Мугань в Средневековье соединяет огнепоклонника, mug, с коренным населением, an. Муганы, вырезанные неофитствующим Тимуром (в отличие от ушедших в подполье йездов), по сути – антиподы соседствовавших с ними гебров. Ибо последние на алтаре священного огня использовали дерево, в то время как муганы – «горючую землю». Безусловно, это обстоятельство определяло принципиальное различие в их теософиях.

Восточная половина безлесной в целом Мугани полна нефти и к северу подымается к продолжению Кавказского хребта – на Апшерон. Здесь нефть напитывает холмы под Сураханами, где в колодцах вода соперничает с каменным маслом, получая от него сладковатый, мучительный вкус. Здесь несколько тысячелетий стоит огнепоклонный храм, жрецы которого пополнялись индийскими пилигримами.

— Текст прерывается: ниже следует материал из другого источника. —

(* Assume the setting in the context and suppose real numbers $L_{jk}\le U_{jk}$ ($j,k\in\{1,\dots,m\}$) satisfy $L_{jk}\le c^*_{jk}\le U_{jk}$ for all $j,k$, for the covariance matrix $\boldsymbol\Sigma^*=(c^*_{jk})=\mathbf M(\mathbf d^* )^{-1}$ of every $\Phi_{\mathfrak B}$-optimal design $\mathbf d^*$. Consider the mixed-integer linear program in variables $\varphi\in\mathbb R$, $z_{ijk}\in\mathbb R$ ($i\in\{1,\dots,n\}$, $j,k\in\{1,\dots,m\}$), symmetric $\boldsymbol\Sigma=(c_{jk})\in\mathbb R^{m\times m}$ and $\mathbf d\in\{0,1\}^n$: minimize $\varphi$ subject to $\varphi\ge\mathrm{tr}(\mathbf B_\ell'\boldsymbol\Sigma\mathbf B_\ell)$ for all $\ell\in\{1,\dots,K\}$; $\sum_{i=1}^n\mathbf f_i\mathbf f_i'\mathbf Z_i=\mathbf I_m$, where $\mathbf Z_i$ is the $m\times m$ matrix with entries $(\mathbf Z_i)_{jk}=z_{ijk}$; $\sum_i d_i=N$; and for all $i,j,k$: $z_{ijk}-d_iL_{jk}\ge0$, $z_{ijk}-d_iU_{jk}-c_{jk}+U_{jk}\ge0$, $z_{ijk}-d_iU_{jk}\le0$, $z_{ijk}-d_iL_{jk}-c_{jk}+L_{jk}\le0$. Then (i) every feasible point satisfies $z_{ijk}=d_ic_{jk}$ for all $i,j,k$, $\mathbf M(\mathbf d)$ is nonsingular and $\boldsymbol\Sigma=\mathbf M(\mathbf d)^{-1}$; and (ii) the optimal value of this program equals the minimum of $\Phi_{\mathfrak B}(\mathbf M(\mathbf d))$ over designs with nonsingular $\mathbf M(\mathbf d)$, and the set of $\mathbf d$-components of optimal solutions of the program is exactly the set of $\Phi_{\mathfrak B}$-optimal designs.
   Context: Let $n,m,N,K$ be positive integers with $2\le m\le N\le n$, and let $\mathbf f_1,\dots,\mathbf f_n\in\mathbb R^m$ span $\mathbb R^m$. A (binary) design is $\mathbf d\in\{0,1\}^n$ with $\sum_i d_i=N$; its information matrix is $\mathbf M(\mathbf d)=\sum_{i=1}^n d_i\mathbf f_i\mathbf f_i'$. For $\ell\in\{1,\dots,K\}$ let $\mathbf B_\ell$ be a real $m\times s_\ell$ matrix, $\mathbf B=(\mathbf B_1,\dots,\mathbf B_K)$, with column space of $\mathbf B$ equal to $\mathbb R^m$ and no zero column. For positive definite $\mathbf M$, $\Phi_{\mathfrak B}(\mathbf M)=\max_{\ell}\mathrm{tr}(\mathbf B_\ell'\mathbf M^{-1}\mathbf B_\ell)$. A $\Phi_{\mathfrak B}$-optimal design minimizes $\Phi_{\mathfrak B}(\mathbf M(\mathbf d))$ over designs $\mathbf d$ with nonsingular $\mathbf M(\mathbf d)$. *)

theory Defs
  imports "HOL-Analysis.Analysis"
begin

text \<open>Design points are indexed by a finite type 'n (so n = CARD('n)), coordinates of
  R^m by a finite type 'm (so m = CARD('m)). The matrix B_l (l = 1..K) is given by its columns
  B l t, t < s l.\<close>

definition outer :: "real^'m \<Rightarrow> real^'m \<Rightarrow> real^'m^'m" where
  "outer u v = (\<chi> j k. u $ j * v $ k)"

definition info_matrix :: "('n::finite \<Rightarrow> real^'m) \<Rightarrow> ('n \<Rightarrow> real) \<Rightarrow> real^'m^'m" where
  "info_matrix f d = (\<Sum>i\<in>UNIV. d i *\<^sub>R outer (f i) (f i))"

definition is_design :: "nat \<Rightarrow> ('n::finite \<Rightarrow> real) \<Rightarrow> bool" where
  "is_design N d \<longleftrightarrow> (\<forall>i. d i \<in> {0, 1}) \<and> (\<Sum>i\<in>UNIV. d i) = real N"

text \<open>tr(B_l' S B_l) = sum over the columns b of B_l of b' S b.\<close>
definition trBSB :: "(nat \<Rightarrow> nat \<Rightarrow> real^'m) \<Rightarrow> (nat \<Rightarrow> nat) \<Rightarrow> nat \<Rightarrow> real^'m^'m \<Rightarrow> real" where
  "trBSB B s l S = (\<Sum>t<s l. B l t \<bullet> (S *v B l t))"
(* Let $1<p<2$ and let $D:=\{z\in\mathbb{C}\colon 0<\operatorname{Re} z<\tfrac{\pi}{2},\ \operatorname{Im} z>0\}$. For $z\in D$ define $$f(z):=z^{-p}-(\pi-z)^{-p}+(\pi+z)^{-p}-(2\pi-z)^{-p}+(2\pi+z)^{-p}-\cdots=z^{-p}+\sum_{k=1}^{\infty}\big[(k\pi+z)^{-p}-(k\pi-z)^{-p}\big],$$ where the principal branch of the power function is used (so $z^{-p}>0$ for $z>0$). Let $\Delta_p:=\{w\in\mathbb{C}\colon -\tfrac{\pi p}{2}<\arg w\le 0\}$, where $\arg$ takes values in $(-\pi,\pi]$ and $\arg 0:=0$. Then $f(D)\subseteq\Delta_p$.
   Context: The principal branch: $w^{-p}=\exp(-p\log w)$ with $\log$ the principal logarithm, $\arg\in(-\pi,\pi]$. *)

theory Defs
  imports "HOL-Analysis.Analysis"
begin

text \<open>Principal branch: for complex w, w powr a = exp (a * Ln w) (w \<noteq> 0), with Arg in (-pi, pi], Arg 0 = 0.\<close>

definition D_set :: "complex set" where
  "D_set = {z. 0 < Re z \<and> Re z < pi / 2 \<and> Im z > 0}"

definition f_p :: "real \<Rightarrow> complex \<Rightarrow> complex" where
  "f_p p z = z powr (- of_real p)
     + (\<Sum>k. (of_real (real (Suc k) * pi) + z) powr (- of_real p)
            - (of_real (real (Suc k) * pi) - z) powr (- of_real p))"

definition Delta_p :: "real \<Rightarrow> complex set" where
  "Delta_p p = {w. - (pi * p / 2) < Arg w \<and> Arg w \<le> 0}"
lemma trim_out_minimal:
  assumes min: "one_minimal_pds V E D" and "x \<notin> D"
  shows "one_minimal_pds (V - {x}) (delete_vertices E {x}) (trim_out D)"
proof (rule one_minimal_pds_restrict[OF graph min])
  show "trim_out D \<subseteq> D - {x}"
    using \<open>x \<notin> D\<close> by (auto simp: trim_out_def)
  show "u \<in> trim_out D" if "v \<in> V - {x} - D" "u \<in> D" "adj E u v" for u v
    using that adj_p by (auto simp: trim_out_def)
  show "pendant E y w"
    if y: "y \<in> trim_out D" and w: "w \<in> trim_out D" and pend: "pendant (delete_vertices E {x}) y w" for y w
  proof (cases "y = p")
    case True
    have "adj (delete_vertices E {x}) q y"
      using True p_nbrs distinct_xpq by (simp add: adj_delete_vertices)
    then have "w = q"
      using pend by (simp add: pendant_def)
    then show ?thesis
      using w y True by (simp add: trim_out_def split: if_splits)
  next
    case False
    then show ?thesis
      using pend y adj_x(2) pendant_delete_vertices[of y "{x}" E w] \<open>x \<notin> D\<close>
      by (auto simp: trim_out_def split: if_splits)
  qed
  show "\<exists>!u\<in>trim_out D. adj (delete_vertices E {x}) u v" if v: "v \<in> D - trim_out D - {x}" for v
  proof -
    have "v = p" "q \<in> D"
      using v by (auto simp: trim_out_def split: if_splits)
    then show ?thesis
      using p_nbrs distinct_xpq by (auto simp: trim_out_def adj_delete_vertices)
  qed
qed

lemma inj_on_trim_out: "inj_on trim_out {D. one_minimal_pds V E D \<and> x \<notin> D}"
proof (rule inj_on_inverseI[of _ "insert p"])
  fix D assume "D \<in> {D. one_minimal_pds V E D \<and> x \<notin> D}"
  then show "insert p (trim_out D) = D"
    using p_in_if_x_out by (auto simp: trim_out_def)
qed

lemma p_q_notin_if_x_in:
  assumes min: "one_minimal_pds V E D" and "x \<in> D"
  shows "p \<notin> D" "q \<notin> D"
proof -
  show "p \<notin> D"
    using one_minimal_pds_not_pendant[OF graph min \<open>x \<in> D\<close>] leaf by blast
  then obtain u where "\<And>w. w \<in> D \<Longrightarrow> adj E w p \<Longrightarrow> w = u"
    using one_minimal_pds_dominatorE[OF min] xpq_in_V by metis
  then show "q \<notin> D"
    using \<open>x \<in> D\<close> p_nbrs q_ne_x by metis
qed

lemma q_dominator_unique:
  assumes min: "one_minimal_pds V E D" and "x \<in> D"
    and "r \<in> D" "adj E r q" "r' \<in> D" "adj E r' q"
  shows "r = r'"
proof -
  obtain u where "\<And>w. w \<in> D \<Longrightarrow> adj E w q \<Longrightarrow> w = u"
    using one_minimal_pds_dominatorE[OF min] xpq_in_V p_q_notin_if_x_in[OF min \<open>x \<in> D\<close>] by metis
  then show ?thesis
    using assms(3-6) by metis
qed

lemma adj_delete_xpq:
  "y \<notin> {x, p, q} \<Longrightarrow> adj (delete_vertices E {x, p, q}) z y \<longleftrightarrow> adj E z y \<and> z \<noteq> q"
  using adj_x adj_p adj_sym by (auto simp: adj_delete_vertices)

text \<open>Once q is deleted, a stranded vertex of D is a leaf attached to a vertex of D, so it has to
  leave the set.\<close>
definition stranded :: "'a set \<Rightarrow> 'a \<Rightarrow> bool" where
  "stranded D r \<longleftrightarrow> adj E r q \<and> r \<noteq> p \<and> (\<exists>s\<in>D. \<forall>z. adj E z r \<and> z \<noteq> q \<longleftrightarrow> z = s)"

definition trim_in :: "'a set \<Rightarrow> 'a set" where
  "trim_in D = D - {x} - {r \<in> D. stranded D r}"

lemma stranded_not_pendant: "stranded D r \<Longrightarrow> \<not> pendant E r q"
  unfolding stranded_def pendant_def by blast

lemma stranded_nbr_in:
  assumes "stranded D r" "adj E z r" "z \<noteq> q"
  shows "z \<in> D"
proof -
  obtain s where "s \<in> D" and s: "\<And>z. adj E z r \<and> z \<noteq> q \<longleftrightarrow> z = s"
    using assms(1) unfolding stranded_def by blast
  then show ?thesis
    using s[of z] assms(2,3) by simp
qed

lemma trim_in_dominator:
  assumes v: "v \<in> V - {x, p, q} - D" and u: "u \<in> D" "adj E u v"
  shows "u \<in> trim_in D"
proof -
  have "adj E v u"
    using u(2) adj_sym by metis
  then have "\<not> stranded D u"
    using stranded_nbr_in v by blast
  moreover have "u \<noteq> x"
    using u(2) adj_x(2) v by auto
  ultimately show ?thesis
    using u by (simp add: trim_in_def)
qed

lemma trim_in_pendant:
  assumes min: "one_minimal_pds V E D" and "x \<in> D"
    and y: "y \<in> trim_in D" and w: "w \<in> trim_in D" and pend: "pendant (delete_vertices E {x, p, q}) y w"
  shows "pendant E y w"
proof -
  have y_out: "y \<notin> {x, p, q}" and "\<not> stranded D y"
    using y p_q_notin_if_x_in[OF min \<open>x \<in> D\<close>] by (auto simp: trim_in_def)
  have "\<not> adj E y q"
  proof
    assume "adj E y q"
    moreover have "\<forall>z. adj E z y \<and> z \<noteq> q \<longleftrightarrow> z = w"
      using pend adj_delete_xpq[OF y_out] unfolding pendant_def by blast
    moreover have "w \<in> D" "y \<noteq> p"
      using w y_out by (auto simp: trim_in_def)
    ultimately have "stranded D y"
      unfolding stranded_def by blast
    then show False
      using \<open>\<not> stranded D y\<close> by simp
  qed
  then have "\<And>z. z \<in> {x, p, q} \<Longrightarrow> \<not> adj E z y"
    using y_out adj_x(2) adj_p adj_sym[of E q y] by auto
  then show ?thesis
    using pend pendant_delete_vertices[OF y_out] by blast
qed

Посланный Российским географическим обществом тучный бородатый писатель, вошед на слабосильном валком военном пароходе «Тарки» в Бакинскую бухту, залитую бронзою заката, вскоре после обеда на бульваре, данном уездным начальником, препинаясь одышкой, спускается вместе с другими господами в купольную молельню Сураханского храма. Вечером следующего дня, следуя по направлению к Тюб-Карагану, всем нутром ловя раскачивающуюся каюту, он опишет шафрановую наготу рослого нечесаного индуса и как сам он чуть не удушился серным чадом, пока тот орудовал перед жертвенником, где стояли колокольчик, раковины, вода в чашечке, медные истуканчики по имени Баба-Адам, Абель и Дьявол. Жрец поджигал отверстия искривленной дудки, запитанной из-под земли набирающимся газом, кадил в медной чашке кипарисовыми шишечками и бил в колокольчик и тарелочки, поминая царское имя, как в церквах… Пока скрипело и брызгало перо, солено-горький рьяный Каспий ходил злой волной за тонкой перегородкой, всего в нескольких сантиметрах от затылка писателя.

3

Хашем и в детстве был живописен. Черты его укрупнились вразлет, стали еще ярче. Он говорит, закрывая лицо дымом и чуть скосив глаза под дугами сошедшихся бровей. Его запах – запах степи: полынь, дым, пыль, его личный запах, который я чувствую, когда он говорит мне что-то вблизи или когда нам во время непогоды приходится делить палатку: горелое дыхание, табачное, и кисловатый запах от пальцев, пожелтевших от табака. Жилистый, несколько длинная челюсть, перекошенное в сторону, выставленное скобой плечо, манера красиво курить, нога на ногу, его ласковость, частая утомленность, уход от общения – не в себя, но прочь, с глаз долой…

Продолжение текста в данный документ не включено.